● **Record excerpts**:
____

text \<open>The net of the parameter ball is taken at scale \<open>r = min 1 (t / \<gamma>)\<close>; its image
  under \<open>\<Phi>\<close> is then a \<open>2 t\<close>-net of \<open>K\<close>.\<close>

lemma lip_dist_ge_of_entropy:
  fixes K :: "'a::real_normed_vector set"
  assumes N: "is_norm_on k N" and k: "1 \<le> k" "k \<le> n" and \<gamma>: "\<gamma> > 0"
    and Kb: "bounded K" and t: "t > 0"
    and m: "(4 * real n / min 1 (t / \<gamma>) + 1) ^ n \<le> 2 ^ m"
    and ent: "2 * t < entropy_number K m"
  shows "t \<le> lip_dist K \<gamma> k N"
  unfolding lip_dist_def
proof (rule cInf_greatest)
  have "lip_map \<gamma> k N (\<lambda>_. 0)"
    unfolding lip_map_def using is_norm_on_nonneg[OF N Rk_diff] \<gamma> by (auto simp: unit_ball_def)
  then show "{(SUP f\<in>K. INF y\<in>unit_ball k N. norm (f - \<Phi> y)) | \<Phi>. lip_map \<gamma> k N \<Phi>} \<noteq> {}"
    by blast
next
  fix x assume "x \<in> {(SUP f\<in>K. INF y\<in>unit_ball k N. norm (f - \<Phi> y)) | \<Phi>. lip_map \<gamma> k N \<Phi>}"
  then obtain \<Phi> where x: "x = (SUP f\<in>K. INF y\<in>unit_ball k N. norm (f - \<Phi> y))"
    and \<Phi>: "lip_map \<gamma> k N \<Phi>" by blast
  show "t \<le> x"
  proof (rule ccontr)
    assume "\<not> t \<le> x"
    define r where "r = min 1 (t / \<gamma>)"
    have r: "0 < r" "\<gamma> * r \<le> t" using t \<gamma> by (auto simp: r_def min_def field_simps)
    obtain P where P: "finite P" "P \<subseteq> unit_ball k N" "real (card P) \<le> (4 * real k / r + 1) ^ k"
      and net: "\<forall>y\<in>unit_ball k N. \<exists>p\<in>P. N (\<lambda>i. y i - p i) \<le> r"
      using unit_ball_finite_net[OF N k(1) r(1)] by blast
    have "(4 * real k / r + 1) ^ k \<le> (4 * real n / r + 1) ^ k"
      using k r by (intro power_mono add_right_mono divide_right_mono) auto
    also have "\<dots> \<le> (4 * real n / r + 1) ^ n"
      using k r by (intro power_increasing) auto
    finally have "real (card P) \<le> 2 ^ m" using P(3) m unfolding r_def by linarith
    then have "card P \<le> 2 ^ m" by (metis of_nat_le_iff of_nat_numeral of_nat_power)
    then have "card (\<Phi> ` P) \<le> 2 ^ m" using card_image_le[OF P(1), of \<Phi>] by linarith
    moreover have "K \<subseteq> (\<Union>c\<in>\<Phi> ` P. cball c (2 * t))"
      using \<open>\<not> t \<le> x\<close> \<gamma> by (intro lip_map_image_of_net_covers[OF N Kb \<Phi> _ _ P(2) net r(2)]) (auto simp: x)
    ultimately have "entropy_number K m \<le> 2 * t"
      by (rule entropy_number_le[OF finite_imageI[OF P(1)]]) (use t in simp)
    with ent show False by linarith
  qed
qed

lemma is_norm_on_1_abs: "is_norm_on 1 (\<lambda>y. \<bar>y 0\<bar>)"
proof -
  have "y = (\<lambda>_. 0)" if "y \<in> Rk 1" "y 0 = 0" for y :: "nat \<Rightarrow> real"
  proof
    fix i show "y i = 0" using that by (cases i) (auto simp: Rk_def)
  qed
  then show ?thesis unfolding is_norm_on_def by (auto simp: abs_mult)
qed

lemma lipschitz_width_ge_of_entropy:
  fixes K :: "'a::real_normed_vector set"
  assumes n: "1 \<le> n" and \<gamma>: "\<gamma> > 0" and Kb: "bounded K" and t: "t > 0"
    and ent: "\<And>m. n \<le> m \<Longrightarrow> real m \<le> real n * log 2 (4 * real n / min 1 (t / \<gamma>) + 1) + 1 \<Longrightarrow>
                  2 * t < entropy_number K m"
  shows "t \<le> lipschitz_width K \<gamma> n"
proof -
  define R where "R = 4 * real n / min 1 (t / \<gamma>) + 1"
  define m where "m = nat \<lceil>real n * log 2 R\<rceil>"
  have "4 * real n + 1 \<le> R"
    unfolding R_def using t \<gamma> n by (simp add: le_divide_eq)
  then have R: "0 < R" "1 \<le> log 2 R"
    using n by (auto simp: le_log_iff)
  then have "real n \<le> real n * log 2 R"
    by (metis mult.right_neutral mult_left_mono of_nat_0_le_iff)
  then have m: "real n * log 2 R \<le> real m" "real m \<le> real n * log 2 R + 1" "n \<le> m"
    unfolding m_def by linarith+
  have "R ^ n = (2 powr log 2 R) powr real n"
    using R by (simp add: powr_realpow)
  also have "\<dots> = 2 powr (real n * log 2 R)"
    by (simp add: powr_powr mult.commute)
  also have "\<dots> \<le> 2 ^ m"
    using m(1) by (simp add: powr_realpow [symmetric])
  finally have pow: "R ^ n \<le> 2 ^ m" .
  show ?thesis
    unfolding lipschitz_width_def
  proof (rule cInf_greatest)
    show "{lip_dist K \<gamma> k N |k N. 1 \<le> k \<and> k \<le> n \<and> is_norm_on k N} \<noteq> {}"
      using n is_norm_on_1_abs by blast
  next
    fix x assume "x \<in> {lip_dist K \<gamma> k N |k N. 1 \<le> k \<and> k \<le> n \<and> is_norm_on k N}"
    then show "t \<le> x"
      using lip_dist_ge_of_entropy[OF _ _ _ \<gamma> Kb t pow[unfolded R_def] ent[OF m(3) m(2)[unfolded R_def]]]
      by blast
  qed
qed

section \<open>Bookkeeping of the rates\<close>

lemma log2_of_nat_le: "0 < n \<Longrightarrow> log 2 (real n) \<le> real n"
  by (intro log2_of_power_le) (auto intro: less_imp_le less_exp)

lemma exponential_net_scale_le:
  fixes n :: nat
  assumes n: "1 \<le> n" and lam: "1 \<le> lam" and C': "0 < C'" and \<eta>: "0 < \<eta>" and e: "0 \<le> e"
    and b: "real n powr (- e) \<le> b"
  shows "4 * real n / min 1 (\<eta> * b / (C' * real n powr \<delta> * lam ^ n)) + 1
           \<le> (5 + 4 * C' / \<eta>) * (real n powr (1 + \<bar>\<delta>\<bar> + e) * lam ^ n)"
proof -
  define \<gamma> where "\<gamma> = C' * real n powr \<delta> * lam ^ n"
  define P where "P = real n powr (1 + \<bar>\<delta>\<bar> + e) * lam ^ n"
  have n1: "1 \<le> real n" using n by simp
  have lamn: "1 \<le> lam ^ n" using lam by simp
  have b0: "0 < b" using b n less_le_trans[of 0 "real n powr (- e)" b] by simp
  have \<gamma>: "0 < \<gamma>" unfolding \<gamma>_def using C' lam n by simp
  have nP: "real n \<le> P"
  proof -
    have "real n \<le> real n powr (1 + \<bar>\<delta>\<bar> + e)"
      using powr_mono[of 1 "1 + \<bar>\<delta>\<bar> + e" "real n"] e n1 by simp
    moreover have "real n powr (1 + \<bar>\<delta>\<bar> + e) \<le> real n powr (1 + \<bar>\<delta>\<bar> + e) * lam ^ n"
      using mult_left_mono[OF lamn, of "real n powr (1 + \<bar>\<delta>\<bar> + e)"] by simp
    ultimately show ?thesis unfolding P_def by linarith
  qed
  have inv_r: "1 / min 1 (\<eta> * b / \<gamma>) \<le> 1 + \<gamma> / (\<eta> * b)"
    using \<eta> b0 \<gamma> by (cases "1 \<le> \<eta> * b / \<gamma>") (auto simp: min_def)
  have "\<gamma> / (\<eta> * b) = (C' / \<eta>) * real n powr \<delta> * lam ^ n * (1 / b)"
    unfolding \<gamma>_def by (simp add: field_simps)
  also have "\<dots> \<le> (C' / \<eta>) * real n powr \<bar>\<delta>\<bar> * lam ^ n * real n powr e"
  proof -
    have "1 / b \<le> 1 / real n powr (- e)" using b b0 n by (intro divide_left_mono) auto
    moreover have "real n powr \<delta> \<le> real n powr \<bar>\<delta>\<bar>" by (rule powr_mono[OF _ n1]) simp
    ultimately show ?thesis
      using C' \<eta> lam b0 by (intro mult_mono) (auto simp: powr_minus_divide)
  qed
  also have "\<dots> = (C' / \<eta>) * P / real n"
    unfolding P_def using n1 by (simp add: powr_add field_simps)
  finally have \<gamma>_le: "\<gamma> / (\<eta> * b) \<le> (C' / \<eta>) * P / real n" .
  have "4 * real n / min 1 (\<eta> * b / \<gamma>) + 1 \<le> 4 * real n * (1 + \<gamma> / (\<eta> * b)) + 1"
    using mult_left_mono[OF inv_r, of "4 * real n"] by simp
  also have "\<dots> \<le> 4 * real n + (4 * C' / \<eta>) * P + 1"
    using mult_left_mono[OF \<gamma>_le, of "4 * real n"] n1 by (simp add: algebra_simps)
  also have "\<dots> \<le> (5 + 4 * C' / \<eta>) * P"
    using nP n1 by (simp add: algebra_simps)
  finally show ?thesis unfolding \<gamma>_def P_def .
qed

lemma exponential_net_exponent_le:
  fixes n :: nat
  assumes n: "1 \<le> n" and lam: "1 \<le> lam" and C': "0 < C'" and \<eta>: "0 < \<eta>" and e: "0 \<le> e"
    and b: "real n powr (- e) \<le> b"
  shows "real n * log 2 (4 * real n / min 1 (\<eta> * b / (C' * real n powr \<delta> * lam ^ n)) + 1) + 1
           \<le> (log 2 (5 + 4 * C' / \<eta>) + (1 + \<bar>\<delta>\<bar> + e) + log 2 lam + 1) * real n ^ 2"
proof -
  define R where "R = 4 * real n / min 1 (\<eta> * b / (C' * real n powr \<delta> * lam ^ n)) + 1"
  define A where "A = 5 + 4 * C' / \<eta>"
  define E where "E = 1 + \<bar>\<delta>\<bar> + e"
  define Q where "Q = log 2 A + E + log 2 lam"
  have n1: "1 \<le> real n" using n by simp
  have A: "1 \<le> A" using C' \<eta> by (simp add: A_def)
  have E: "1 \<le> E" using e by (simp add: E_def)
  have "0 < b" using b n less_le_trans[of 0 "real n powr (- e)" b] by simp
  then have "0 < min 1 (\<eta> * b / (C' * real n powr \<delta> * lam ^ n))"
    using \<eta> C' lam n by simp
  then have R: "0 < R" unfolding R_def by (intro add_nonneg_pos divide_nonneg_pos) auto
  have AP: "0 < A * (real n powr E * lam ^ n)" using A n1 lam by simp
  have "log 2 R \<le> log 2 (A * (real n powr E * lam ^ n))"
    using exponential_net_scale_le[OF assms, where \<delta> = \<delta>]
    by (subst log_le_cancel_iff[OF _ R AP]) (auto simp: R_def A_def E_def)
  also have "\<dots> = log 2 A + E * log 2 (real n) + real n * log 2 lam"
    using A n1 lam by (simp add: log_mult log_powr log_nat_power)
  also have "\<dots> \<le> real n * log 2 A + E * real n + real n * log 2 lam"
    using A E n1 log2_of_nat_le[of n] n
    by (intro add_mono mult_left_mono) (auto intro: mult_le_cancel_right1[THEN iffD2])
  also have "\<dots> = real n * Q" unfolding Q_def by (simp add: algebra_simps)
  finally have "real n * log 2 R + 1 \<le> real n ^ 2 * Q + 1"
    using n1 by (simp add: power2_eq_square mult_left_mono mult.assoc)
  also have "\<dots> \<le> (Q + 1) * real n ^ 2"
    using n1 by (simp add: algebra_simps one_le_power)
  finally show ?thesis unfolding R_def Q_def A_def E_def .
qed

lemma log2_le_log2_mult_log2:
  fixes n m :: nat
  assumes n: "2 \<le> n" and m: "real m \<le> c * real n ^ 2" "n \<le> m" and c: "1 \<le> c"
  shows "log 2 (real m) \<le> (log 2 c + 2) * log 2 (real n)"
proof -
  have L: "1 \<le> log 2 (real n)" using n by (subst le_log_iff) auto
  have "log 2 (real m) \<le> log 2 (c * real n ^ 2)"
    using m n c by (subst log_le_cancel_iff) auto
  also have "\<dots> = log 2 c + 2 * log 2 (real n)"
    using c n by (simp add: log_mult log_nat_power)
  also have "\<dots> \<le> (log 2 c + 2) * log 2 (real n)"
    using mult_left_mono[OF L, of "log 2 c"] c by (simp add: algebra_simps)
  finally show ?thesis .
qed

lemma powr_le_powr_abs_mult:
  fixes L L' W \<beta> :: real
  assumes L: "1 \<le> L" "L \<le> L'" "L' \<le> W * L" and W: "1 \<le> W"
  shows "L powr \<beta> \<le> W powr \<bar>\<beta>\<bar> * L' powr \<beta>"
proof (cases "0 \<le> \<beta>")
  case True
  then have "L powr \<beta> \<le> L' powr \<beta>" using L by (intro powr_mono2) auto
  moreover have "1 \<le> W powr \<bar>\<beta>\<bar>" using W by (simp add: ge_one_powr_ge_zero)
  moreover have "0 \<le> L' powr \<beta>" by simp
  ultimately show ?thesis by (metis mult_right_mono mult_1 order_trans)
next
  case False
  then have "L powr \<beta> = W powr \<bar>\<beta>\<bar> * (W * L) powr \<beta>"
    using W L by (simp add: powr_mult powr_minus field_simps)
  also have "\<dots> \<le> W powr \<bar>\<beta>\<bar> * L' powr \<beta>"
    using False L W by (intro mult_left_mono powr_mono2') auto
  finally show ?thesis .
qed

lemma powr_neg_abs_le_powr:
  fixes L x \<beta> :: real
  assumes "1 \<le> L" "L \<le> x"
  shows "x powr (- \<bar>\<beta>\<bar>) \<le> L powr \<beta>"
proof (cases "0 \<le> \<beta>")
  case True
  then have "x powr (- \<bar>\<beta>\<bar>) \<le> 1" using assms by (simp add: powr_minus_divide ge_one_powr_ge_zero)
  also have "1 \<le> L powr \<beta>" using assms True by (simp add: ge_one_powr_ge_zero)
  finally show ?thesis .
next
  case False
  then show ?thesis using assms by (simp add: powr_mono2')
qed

____

● **Activity**:
Look through the material above for "Longrightarrow" and copy the lines that have it.

● **Finished task**:
    and ent: "\<And>m. n \<le> m \<Longrightarrow> real m \<le> real n * log 2 (4 * real n / min 1 (t / \<gamma>) + 1) + 1 \<Longrightarrow>
lemma log2_of_nat_le: "0 < n \<Longrightarrow> log 2 (real n) \<le> real n"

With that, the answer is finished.